Action item: Your task is to return the line containing "(2 * real (num_edges" and each line after it through the end of the entries, exactly, with no other lines.

Data records:
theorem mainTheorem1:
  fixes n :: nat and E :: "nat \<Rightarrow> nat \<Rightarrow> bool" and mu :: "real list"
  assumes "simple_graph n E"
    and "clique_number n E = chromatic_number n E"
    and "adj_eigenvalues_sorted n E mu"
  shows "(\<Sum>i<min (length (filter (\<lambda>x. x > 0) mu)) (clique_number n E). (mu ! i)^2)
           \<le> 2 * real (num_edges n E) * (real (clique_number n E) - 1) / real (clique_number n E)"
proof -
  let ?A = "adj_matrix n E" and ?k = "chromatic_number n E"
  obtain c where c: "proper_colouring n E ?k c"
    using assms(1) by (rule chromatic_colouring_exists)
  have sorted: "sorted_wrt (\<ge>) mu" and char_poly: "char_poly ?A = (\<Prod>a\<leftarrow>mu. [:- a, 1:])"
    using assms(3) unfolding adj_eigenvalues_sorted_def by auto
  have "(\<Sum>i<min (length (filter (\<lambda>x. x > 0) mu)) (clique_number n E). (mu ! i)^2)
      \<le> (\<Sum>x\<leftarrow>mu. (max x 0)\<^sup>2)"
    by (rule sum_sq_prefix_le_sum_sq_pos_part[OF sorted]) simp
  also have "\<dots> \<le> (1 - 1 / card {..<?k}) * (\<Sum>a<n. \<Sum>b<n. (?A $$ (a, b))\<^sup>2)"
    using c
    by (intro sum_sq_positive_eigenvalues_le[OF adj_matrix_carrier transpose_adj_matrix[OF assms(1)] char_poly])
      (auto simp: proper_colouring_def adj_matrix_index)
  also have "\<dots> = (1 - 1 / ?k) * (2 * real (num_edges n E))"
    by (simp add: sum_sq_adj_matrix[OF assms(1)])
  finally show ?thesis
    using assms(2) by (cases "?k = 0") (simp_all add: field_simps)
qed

Solution for this exercise:
  also have "\<dots> = (1 - 1 / ?k) * (2 * real (num_edges n E))"
    by (simp add: sum_sq_adj_matrix[OF assms(1)])
  finally show ?thesis
    using assms(2) by (cases "?k = 0") (simp_all add: field_simps)
qed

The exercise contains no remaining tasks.